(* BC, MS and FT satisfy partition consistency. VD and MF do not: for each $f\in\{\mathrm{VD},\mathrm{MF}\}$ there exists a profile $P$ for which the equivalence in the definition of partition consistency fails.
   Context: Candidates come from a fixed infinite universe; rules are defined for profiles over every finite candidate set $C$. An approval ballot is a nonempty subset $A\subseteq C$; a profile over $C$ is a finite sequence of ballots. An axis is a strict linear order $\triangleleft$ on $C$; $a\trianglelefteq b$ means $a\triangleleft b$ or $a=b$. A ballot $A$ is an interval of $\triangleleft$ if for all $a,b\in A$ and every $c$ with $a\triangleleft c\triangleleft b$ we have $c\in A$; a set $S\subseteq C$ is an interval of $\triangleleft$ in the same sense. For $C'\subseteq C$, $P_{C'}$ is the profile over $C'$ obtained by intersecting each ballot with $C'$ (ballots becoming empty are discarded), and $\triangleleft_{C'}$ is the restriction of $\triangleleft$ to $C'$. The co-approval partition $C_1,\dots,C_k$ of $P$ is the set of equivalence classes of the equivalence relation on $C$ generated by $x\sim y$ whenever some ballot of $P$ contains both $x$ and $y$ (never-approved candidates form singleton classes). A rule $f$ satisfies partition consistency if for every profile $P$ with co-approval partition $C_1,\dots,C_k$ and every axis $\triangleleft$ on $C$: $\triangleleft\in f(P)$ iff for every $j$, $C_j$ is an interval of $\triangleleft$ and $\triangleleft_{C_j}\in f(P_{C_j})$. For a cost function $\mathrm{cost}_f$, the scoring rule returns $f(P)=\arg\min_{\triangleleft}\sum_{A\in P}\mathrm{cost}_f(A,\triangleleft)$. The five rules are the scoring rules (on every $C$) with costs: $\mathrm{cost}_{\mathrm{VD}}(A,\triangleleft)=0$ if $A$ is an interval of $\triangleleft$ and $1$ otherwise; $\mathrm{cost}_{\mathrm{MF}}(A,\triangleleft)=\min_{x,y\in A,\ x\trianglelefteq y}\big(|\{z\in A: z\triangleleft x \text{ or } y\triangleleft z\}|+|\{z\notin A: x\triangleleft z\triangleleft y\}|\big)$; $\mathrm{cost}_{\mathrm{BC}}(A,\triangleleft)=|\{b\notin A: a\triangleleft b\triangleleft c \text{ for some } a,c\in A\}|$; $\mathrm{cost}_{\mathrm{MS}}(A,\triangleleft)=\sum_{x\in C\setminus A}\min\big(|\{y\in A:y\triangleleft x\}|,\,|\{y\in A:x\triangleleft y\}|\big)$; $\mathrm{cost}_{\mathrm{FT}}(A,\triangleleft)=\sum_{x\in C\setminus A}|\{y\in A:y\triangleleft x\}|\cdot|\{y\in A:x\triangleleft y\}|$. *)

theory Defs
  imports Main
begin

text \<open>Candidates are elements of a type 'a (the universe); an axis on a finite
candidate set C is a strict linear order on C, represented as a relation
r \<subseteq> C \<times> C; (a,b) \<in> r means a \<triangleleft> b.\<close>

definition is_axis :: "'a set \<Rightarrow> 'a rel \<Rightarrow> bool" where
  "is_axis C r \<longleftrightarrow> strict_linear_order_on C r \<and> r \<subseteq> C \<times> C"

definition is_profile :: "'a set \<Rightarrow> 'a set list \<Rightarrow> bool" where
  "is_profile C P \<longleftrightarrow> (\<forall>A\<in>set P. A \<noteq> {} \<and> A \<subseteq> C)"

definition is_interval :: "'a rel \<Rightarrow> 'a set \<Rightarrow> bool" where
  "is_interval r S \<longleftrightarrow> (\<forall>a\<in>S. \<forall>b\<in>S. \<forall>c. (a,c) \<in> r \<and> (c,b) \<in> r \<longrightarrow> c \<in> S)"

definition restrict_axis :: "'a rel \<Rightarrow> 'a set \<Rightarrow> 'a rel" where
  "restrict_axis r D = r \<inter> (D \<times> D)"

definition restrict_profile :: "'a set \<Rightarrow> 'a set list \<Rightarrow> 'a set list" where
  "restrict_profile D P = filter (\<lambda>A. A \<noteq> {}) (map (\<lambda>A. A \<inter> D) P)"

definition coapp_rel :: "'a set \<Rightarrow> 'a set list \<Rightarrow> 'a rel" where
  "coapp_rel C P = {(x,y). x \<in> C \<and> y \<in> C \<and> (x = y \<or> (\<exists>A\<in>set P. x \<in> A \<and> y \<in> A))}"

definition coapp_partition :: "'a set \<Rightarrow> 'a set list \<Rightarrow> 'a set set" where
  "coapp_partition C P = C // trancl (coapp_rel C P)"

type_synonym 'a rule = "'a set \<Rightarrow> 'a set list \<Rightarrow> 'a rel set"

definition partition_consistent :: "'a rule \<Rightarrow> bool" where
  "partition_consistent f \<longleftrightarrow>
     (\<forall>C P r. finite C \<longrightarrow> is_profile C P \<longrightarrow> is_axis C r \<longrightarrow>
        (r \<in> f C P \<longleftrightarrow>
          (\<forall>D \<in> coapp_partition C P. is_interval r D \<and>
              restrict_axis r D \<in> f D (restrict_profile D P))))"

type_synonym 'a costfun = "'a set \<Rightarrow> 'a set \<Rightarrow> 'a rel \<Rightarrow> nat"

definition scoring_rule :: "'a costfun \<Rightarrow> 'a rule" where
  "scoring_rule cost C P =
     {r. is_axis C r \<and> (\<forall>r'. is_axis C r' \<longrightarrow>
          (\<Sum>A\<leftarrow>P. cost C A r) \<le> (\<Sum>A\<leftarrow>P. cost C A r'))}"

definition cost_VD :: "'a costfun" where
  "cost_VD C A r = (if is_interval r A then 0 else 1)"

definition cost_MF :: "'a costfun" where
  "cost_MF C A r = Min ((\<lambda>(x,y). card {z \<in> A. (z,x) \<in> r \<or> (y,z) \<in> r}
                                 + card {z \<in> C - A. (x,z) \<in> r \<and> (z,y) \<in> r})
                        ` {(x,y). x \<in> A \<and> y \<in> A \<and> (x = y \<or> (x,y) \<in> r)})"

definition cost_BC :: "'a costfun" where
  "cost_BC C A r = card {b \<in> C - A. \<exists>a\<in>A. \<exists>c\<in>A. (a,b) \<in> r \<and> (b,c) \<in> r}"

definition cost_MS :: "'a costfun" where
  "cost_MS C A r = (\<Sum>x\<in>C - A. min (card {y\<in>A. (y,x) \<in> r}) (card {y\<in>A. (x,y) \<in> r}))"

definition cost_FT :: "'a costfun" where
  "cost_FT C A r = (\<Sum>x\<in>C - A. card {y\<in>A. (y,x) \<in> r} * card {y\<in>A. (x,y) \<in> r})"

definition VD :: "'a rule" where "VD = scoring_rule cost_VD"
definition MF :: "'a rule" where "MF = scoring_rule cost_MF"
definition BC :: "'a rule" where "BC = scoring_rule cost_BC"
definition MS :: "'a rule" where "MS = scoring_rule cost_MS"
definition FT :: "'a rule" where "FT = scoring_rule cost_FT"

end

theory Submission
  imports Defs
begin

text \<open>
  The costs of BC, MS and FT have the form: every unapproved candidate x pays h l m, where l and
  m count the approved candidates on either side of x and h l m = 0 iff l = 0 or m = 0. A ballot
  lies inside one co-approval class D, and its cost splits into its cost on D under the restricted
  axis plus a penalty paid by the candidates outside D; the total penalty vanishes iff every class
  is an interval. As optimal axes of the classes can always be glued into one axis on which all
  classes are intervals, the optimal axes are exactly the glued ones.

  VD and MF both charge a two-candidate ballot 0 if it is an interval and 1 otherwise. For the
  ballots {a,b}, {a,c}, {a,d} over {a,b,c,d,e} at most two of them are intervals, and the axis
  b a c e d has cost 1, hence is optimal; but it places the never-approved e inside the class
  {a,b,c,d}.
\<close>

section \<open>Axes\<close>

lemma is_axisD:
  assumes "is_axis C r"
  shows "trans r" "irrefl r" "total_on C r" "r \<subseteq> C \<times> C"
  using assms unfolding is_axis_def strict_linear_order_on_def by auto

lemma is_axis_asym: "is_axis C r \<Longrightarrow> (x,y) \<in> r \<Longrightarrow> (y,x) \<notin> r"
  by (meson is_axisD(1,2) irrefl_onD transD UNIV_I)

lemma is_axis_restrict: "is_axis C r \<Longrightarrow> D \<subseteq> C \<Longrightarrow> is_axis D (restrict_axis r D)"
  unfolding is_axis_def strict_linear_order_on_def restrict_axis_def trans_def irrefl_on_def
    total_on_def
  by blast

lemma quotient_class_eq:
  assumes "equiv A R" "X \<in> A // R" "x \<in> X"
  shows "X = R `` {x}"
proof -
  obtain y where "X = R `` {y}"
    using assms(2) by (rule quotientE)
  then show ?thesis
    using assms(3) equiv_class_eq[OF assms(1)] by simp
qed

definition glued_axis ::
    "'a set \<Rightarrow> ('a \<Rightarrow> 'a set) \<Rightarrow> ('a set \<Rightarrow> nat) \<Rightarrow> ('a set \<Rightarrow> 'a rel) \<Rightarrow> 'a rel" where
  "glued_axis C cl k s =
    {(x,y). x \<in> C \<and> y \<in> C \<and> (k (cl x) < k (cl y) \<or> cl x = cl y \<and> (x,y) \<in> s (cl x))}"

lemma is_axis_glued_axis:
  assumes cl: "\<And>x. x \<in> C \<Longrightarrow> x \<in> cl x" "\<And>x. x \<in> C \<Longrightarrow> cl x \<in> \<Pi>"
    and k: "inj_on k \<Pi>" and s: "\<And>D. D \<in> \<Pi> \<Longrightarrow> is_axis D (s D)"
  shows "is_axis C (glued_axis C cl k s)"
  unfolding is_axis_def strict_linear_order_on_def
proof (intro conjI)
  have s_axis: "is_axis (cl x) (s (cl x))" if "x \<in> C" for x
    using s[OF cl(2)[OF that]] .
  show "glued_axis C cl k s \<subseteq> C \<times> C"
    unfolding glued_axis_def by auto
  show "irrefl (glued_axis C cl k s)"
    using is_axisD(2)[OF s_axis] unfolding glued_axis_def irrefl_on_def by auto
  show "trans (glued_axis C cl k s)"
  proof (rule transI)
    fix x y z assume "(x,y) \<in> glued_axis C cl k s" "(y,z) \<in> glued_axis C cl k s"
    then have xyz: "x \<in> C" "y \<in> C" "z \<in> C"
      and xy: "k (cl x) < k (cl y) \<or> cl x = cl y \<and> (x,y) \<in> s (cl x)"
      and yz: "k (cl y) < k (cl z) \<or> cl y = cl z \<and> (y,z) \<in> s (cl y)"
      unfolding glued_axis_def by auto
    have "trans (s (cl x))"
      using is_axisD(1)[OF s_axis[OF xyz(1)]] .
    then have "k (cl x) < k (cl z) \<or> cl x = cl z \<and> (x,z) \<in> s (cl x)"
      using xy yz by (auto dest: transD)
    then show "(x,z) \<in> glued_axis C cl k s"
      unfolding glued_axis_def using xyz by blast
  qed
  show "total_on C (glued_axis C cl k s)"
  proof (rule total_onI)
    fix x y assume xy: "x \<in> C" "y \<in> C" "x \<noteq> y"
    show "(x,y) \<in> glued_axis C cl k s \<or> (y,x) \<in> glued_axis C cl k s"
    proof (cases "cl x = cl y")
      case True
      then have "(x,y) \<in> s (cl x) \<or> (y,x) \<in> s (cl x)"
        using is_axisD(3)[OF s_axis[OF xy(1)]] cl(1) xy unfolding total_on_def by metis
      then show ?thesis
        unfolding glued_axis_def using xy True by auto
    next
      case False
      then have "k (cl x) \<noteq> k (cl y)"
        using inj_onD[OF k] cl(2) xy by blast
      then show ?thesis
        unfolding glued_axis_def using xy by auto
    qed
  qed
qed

──────────

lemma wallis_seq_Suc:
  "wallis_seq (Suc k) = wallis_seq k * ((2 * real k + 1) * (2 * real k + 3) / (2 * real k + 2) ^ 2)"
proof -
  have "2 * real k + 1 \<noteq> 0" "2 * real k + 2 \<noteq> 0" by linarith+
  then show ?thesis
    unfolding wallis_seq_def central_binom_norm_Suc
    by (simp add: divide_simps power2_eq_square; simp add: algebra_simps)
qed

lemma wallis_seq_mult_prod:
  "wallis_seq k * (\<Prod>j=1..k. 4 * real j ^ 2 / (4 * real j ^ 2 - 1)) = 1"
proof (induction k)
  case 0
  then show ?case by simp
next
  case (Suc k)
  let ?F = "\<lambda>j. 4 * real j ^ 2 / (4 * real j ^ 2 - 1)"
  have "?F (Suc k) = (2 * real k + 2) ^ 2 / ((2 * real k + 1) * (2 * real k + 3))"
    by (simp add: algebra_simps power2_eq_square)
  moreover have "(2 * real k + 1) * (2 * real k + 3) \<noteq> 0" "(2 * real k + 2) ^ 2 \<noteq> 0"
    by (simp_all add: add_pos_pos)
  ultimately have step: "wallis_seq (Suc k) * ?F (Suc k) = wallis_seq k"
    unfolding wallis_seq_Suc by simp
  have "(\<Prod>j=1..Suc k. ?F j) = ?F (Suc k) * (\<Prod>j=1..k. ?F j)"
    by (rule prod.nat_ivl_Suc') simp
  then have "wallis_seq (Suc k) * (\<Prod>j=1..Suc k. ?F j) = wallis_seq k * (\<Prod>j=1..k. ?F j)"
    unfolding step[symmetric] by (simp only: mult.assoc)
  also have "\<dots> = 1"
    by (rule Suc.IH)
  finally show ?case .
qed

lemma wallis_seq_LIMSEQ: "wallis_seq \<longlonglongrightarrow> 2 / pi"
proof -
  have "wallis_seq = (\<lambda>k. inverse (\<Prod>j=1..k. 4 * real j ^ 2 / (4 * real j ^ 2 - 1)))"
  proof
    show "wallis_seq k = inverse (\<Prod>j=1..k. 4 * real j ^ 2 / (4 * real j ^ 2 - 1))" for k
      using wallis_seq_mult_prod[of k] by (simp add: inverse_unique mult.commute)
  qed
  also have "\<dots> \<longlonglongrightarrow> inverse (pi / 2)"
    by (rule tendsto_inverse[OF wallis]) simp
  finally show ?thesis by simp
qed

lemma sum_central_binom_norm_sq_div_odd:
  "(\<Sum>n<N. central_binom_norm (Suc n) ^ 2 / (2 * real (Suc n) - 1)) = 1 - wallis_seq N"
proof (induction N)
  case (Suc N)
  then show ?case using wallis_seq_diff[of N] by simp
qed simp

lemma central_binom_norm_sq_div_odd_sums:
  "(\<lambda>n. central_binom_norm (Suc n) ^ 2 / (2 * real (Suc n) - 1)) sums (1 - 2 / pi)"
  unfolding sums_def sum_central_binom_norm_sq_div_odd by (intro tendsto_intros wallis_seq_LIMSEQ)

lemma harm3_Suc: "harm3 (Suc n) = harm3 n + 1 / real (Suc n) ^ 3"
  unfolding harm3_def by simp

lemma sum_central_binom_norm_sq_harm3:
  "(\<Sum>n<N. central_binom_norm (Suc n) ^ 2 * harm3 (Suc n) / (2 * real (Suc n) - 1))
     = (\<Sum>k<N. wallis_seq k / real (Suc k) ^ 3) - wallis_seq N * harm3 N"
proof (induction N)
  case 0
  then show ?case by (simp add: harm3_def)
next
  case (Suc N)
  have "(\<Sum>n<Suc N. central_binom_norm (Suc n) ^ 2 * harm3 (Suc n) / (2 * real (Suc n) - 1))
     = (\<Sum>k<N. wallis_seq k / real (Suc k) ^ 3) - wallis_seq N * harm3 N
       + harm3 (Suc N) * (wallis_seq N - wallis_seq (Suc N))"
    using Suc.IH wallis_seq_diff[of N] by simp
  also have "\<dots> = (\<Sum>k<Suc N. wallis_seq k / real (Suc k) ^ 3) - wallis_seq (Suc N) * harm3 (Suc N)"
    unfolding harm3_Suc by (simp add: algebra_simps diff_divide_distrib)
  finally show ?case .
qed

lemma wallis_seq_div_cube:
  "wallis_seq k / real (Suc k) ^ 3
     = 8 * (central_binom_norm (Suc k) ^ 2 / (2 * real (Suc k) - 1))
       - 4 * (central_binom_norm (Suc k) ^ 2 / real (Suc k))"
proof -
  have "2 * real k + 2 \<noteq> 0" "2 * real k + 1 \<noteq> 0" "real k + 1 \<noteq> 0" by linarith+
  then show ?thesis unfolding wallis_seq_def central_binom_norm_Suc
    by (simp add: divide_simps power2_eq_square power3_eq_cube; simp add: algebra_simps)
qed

──────────

# EXERCISE DETAILS
Work out how many lines of the material contain "also". Reply with that number only.

# SOLUTION TO THE EXERCISE
3